CONCEPT OF CONSUMPTION. Definition of the concept of consumption: first what is consumption?

Does consumption have anything to do with demand and supply? So lets define it in a simple way.

The concept of consumption refers to the utilization, expenditure, or use of goods, services, resources, or any other valuable items by individuals, households, businesses, or society as a whole. It is an essential part of economic activity and plays a significant role in shaping the economy.

Consumption can be broadly categorized into two types:

  1. Personal Consumption: This refers to the expenditure made by individuals or households to satisfy their personal needs and desires. Personal consumption includes a wide range of goods and services such as food, clothing, housing, healthcare, education, entertainment, transportation, and so on. It is influenced by various factors, including personal income, wealth, preferences, cultural influences, and advertising.
  2. Aggregate Consumption: Aggregate consumption refers to the total expenditure on goods and services by all individuals, households, businesses, and government entities within an economy over a specific period. It is a key component of the Gross Domestic Product (GDP), which measures the overall economic output of a country. Aggregate consumption is influenced by factors such as disposable income, savings rates, interest rates, government policies, and overall economic conditions.

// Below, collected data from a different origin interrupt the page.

text \<open>
  Write \<open>\<Lambda> = \<lambda>(\<theta>)\<close>, \<open>L\<close> for the derivative of \<open>\<lambda>\<close> at \<open>\<theta>\<close> and
  \<open>D = \<nabla>F(\<Lambda>)\<close>. Since \<open>\<nabla>\<^sub>\<theta>V(\<theta>;z) = L\<^sup>T z\<close>, the objective is
  \<open>\<Phi>\<^sub>\<delta>(x) = inf\<^sub>z (\<langle>z, \<Lambda> + \<delta> L x\<rangle> - F\<^sup>*(z)) - \<delta>/2 \<parallel>x\<parallel>\<^sup>2\<close>, an infimum of affine
  functions minus a strongly concave quadratic; its superlevel sets are closed and it is
  strongly concave, so it has a unique maximiser \<open>X\<^sub>\<delta>\<close>. Fenchel-Young gives
  \<open>\<Phi>\<^sub>\<delta>(x) \<ge> F(\<Lambda> + \<delta> L x) - \<delta>/2 \<parallel>x\<parallel>\<^sup>2\<close>; taking \<open>z = D\<close>, where concavity forces
  \<open>F\<^sup>*(D) = \<langle>\<Lambda>, D\<rangle> - F(\<Lambda>)\<close>, gives \<open>\<Phi>\<^sub>\<delta>(x) \<le> F(\<Lambda>) + \<delta>\<langle>g, x\<rangle> - \<delta>/2 \<parallel>x\<parallel>\<^sup>2\<close>
  with \<open>g = L\<^sup>T D = \<nabla>R(\<theta>)\<close>. Comparing the bounds at \<open>g\<close> and at \<open>X\<^sub>\<delta>\<close> yields
  \<open>\<parallel>X\<^sub>\<delta> - g\<parallel>\<^sup>2 \<le> 2\<parallel>g\<parallel>\<^sup>2 - 2 (F(\<Lambda> + \<delta> L g) - F(\<Lambda>))/\<delta> \<rightarrow> 0\<close>.
\<close>

lemma grad_eqI:
  fixes f :: "'v::real_inner \<Rightarrow> real"
  assumes "GDERIV f x :> D"
  shows "grad f x = D"
  unfolding grad_def
proof (rule the_equality)
  fix D' assume "GDERIV f x :> D'"
  with assms have "(\<lambda>h. inner h D) = (\<lambda>h. inner h D')"
    unfolding gderiv_def by (rule has_derivative_unique)
  then show "D' = D" by (metis vector_eq_ldot)
qed (fact assms)

lemma GDERIV_compose_adjoint:
  fixes lam :: "'a::euclidean_space \<Rightarrow> 'b::euclidean_space"
  assumes "GDERIV f (lam x) :> D" and "(lam has_derivative L) (at x)"
  shows "GDERIV (\<lambda>t. f (lam t)) x :> adjoint L D"
proof -
  have "((\<lambda>t. f (lam t)) has_derivative (\<lambda>h. inner (L h) D)) (at x)"
    using diff_chain_at[OF assms(2)] assms(1) unfolding gderiv_def o_def by blast
  then show ?thesis
    unfolding gderiv_def by (simp add: adjoint_works[OF has_derivative_linear[OF assms(2)]])
qed

lemma GDERIV_inner_adjoint:
  fixes lam :: "'a::euclidean_space \<Rightarrow> 'b::euclidean_space"
  assumes "(lam has_derivative L) (at x)"
  shows "GDERIV (\<lambda>t. inner z (lam t)) x :> adjoint L z"
proof -
  have "GDERIV (\<lambda>y. inner z y) (lam x) :> z"
    unfolding gderiv_def by (auto intro!: derivative_eq_intros simp: inner_commute)
  then show ?thesis using GDERIV_compose_adjoint[OF _ assms] by blast
qed

lemma GDERIV_directional_tendsto:
  fixes f :: "'v::real_inner \<Rightarrow> real"
  assumes "GDERIV f x :> D"
  shows "((\<lambda>t. (f (x + t *\<^sub>R d) - f x) / t) \<longlongrightarrow> inner d D) (at_right 0)"
proof -
  have "((\<lambda>t. x + t *\<^sub>R d) has_derivative (\<lambda>t. t *\<^sub>R d)) (at 0)"
    by (auto intro!: derivative_eq_intros)
  from diff_chain_at[OF this, of f "\<lambda>h. inner h D"] assms
  have "((\<lambda>t. f (x + t *\<^sub>R d)) has_derivative (\<lambda>t. inner (t *\<^sub>R d) D)) (at 0)"
    by (simp add: gderiv_def o_def)
  moreover have "(\<lambda>t. inner (t *\<^sub>R d) D) = (*) (inner d D)"
    by (simp add: fun_eq_iff)
  ultimately have "((\<lambda>t. f (x + t *\<^sub>R d)) has_real_derivative inner d D) (at 0)"
    unfolding has_field_derivative_def by simp
  then have "((\<lambda>t. (f (x + t *\<^sub>R d) - f x) / t) \<longlongrightarrow> inner d D) (at 0)"
    unfolding DERIV_def by simp
  then show ?thesis by (rule tendsto_mono[OF at_le, rotated]) simp
qed

lemma eventually_at_right_ray_in_open:
  fixes x :: "'v::real_normed_vector"
  assumes "open U" "x \<in> U"
  shows "\<forall>\<^sub>F t in at_right 0. x + t *\<^sub>R d \<in> U"
proof -
  have "((\<lambda>t. x + t *\<^sub>R d) \<longlongrightarrow> x) (at_right (0::real))"
    by (auto intro!: tendsto_eq_intros)
  then show ?thesis using assms topological_tendstoD by blast
qed

lemma concave_ereal_le_tangent:
  fixes F :: "'v::real_inner \<Rightarrow> ereal"
  assumes conc: "concave_ereal F" and U: "open U" "x \<in> U" and fin: "\<forall>y\<in>U. \<bar>F y\<bar> \<noteq> \<infinity>"
    and D: "GDERIV (\<lambda>w. real_of_ereal (F w)) x :> D" and nl: "F l \<noteq> \<infinity>"
  shows "F l \<le> ereal (real_of_ereal (F x) + inner (l - x) D)"
proof (cases "F l")
  case (real r)
  define fx where "fx = real_of_ereal (F x)"
  have Fx: "F x = ereal fx" using fin U unfolding fx_def by (cases "F x") auto
  have chord: "ereal (fx + t * (r - fx)) \<le> F (x + t *\<^sub>R (l - x))" if "0 \<le> t" "t \<le> 1" for t
  proof -
    have "(1 - t) *\<^sub>R (x, fx) + t *\<^sub>R (l, r) \<in> {(x, r::real). ereal r \<le> F x}"
      using conc Fx real that unfolding concave_ereal_def convex_def by auto
    moreover have "(1 - t) *\<^sub>R (x, fx) + t *\<^sub>R (l, r) = (x + t *\<^sub>R (l - x), fx + t * (r - fx))"
      by (simp add: algebra_simps)
    ultimately show ?thesis by simp
  qed
  have "\<forall>\<^sub>F t in at_right (0::real). t < 1"
    unfolding eventually_at_right_field by (intro exI[of _ 1]) auto
  then have "\<forall>\<^sub>F t in at_right 0. r - fx \<le> (real_of_ereal (F (x + t *\<^sub>R (l - x))) - real_of_ereal (F x)) / t"
    using eventually_at_right_ray_in_open[OF U, of "l - x"] eventually_at_right_less
  proof eventually_elim
    case (elim t)
    then obtain v where v: "F (x + t *\<^sub>R (l - x)) = ereal v"
      using fin by (cases "F (x + t *\<^sub>R (l - x))") auto
    then have "t * (r - fx) \<le> v - fx" using chord[of t] elim by simp
    then show ?case using v Fx elim by (simp add: field_simps)
  qed
  then have "r - fx \<le> inner (l - x) D"
    using tendsto_lowerbound[OF GDERIV_directional_tendsto[OF D]] by simp
  then show ?thesis using real unfolding fx_def by simp
qed (use nl in auto)

lemma fenchel_dual_le: "fenchel_dual F z \<le> ereal (inner y z) - F y"
  unfolding fenchel_dual_def by (rule INF_lower) simp

lemma fenchel_young:
  assumes "\<bar>F y\<bar> \<noteq> \<infinity>"
  shows "F y \<le> ereal (inner z y) - fenchel_dual F z"
  using fenchel_dual_le[of F z y] assms by (cases "F y"; cases "fenchel_dual F z") (auto simp: inner_commute)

The concept of consumption is closely linked to the concept of production, as goods and services are produced to meet the consumption demands of individuals and society.

Consumption patterns can vary across different societies, cultures, and economic systems. In developed economies, consumption is often driven by consumer demand and plays a crucial role in promoting economic growth.

However, excessive or unsustainable consumption patterns can have negative impacts on the environment, natural resources, and overall well-being.

In recent years, there has been a growing emphasis on sustainable consumption, which aims to balance individual and societal needs while minimizing negative environmental and social impacts.

This involves promoting responsible and conscious consumer choices, reducing waste, encouraging recycling and reuse, and supporting the production and consumption of environmentally friendly and socially responsible goods and services.

Types of consumption

Here are a few list of the different types of consumption

Durable goods: This involves consumption expenditure on certain items which are furniture and machine.

Non–durable goods: This involves expenditure on goods that are not durable in nature, e.g. food, clothing and water.

Services: This involves consumption expenditure on general services, e.g. legal fees, entertainment fees and educational fees.


Savings: The level of savings influences consumption. High savings tend to reduce the level of consumption.

Level of income: The higher the income the higher the level of consumption.

Availability of credit facilities: Availability of credit facilities either to individuals or firms tends to increase the level of consumption.

Income distribution: Equitable distribution of national income will increase the disposable income of individuals thereby increasing the level of consumption.

Possession of assets: Revenue generated by assets increases the income of their owners and this tends to raise the level of consumption

Rate of taxation: High taxation reduces the income of people and this reduces the level of consumption

Interest rate: If the interest rate received is high, it will generally increase income, thereby resulting in a rise in the level of consumption.

Profit earned: High profits earned either by individuals or firms increase income, thereby resulting in a rise in the level of consumption.

Future expectation: The expectation of a rise in the prices of goods and services will lead to a rise in the level of consumption expenditure and vice versa.

Detailed factors influencing the level of consu

The level of consumption is influenced by various factors that can have both individual and macroeconomic impacts. Here are five key factors that influence the level of consumption:

  1. Disposable Income: Disposable income refers to the amount of money an individual or household has available after deducting taxes. Higher disposable income generally leads to increased consumption as individuals have more financial resources to spend on goods and services. Factors affecting disposable income include wages, salaries, bonuses, government transfers, and taxation policies.
  2. Consumer Confidence: Consumer confidence refers to the perception of individuals or households regarding their current and future economic prospects. When consumers feel optimistic about the economy, job security, and their personal financial situation, they are more likely to increase their consumption. On the other hand, during periods of economic uncertainty or recession, consumer confidence tends to decline, leading to reduced consumption.
  3. Interest Rates: Interest rates have a significant impact on consumption, particularly for big-ticket items like homes and automobiles that are often financed through loans. When interest rates are low, borrowing becomes more affordable, incentivizing consumers to make large purchases and increase their consumption. Conversely, high-interest rates can discourage borrowing and lead to decreased consumption.
  4. Availability of Credit: Access to credit also influences consumption levels. When credit is easily available and interest rates are favourable, consumers are more likely to borrow money to finance their purchases, leading to increased consumption. The availability of credit depends on factors such as banking regulations, lending standards, and the overall health of the financial system.
  5. Demographic Factors: Demographic factors such as age, income distribution, household size, and population growth can influence consumption patterns. For example, an ageing population may have different consumption priorities, such as healthcare and retirement savings, which can affect overall consumption levels. Changes in income distribution can also impact consumption, as different income groups have varying propensities to spend.

It’s important to note that these factors can interact and influence each other in complex ways. Moreover, cultural influences, advertising, government policies, and technological advancements are additional factors that can also play a role in shaping consumption patterns.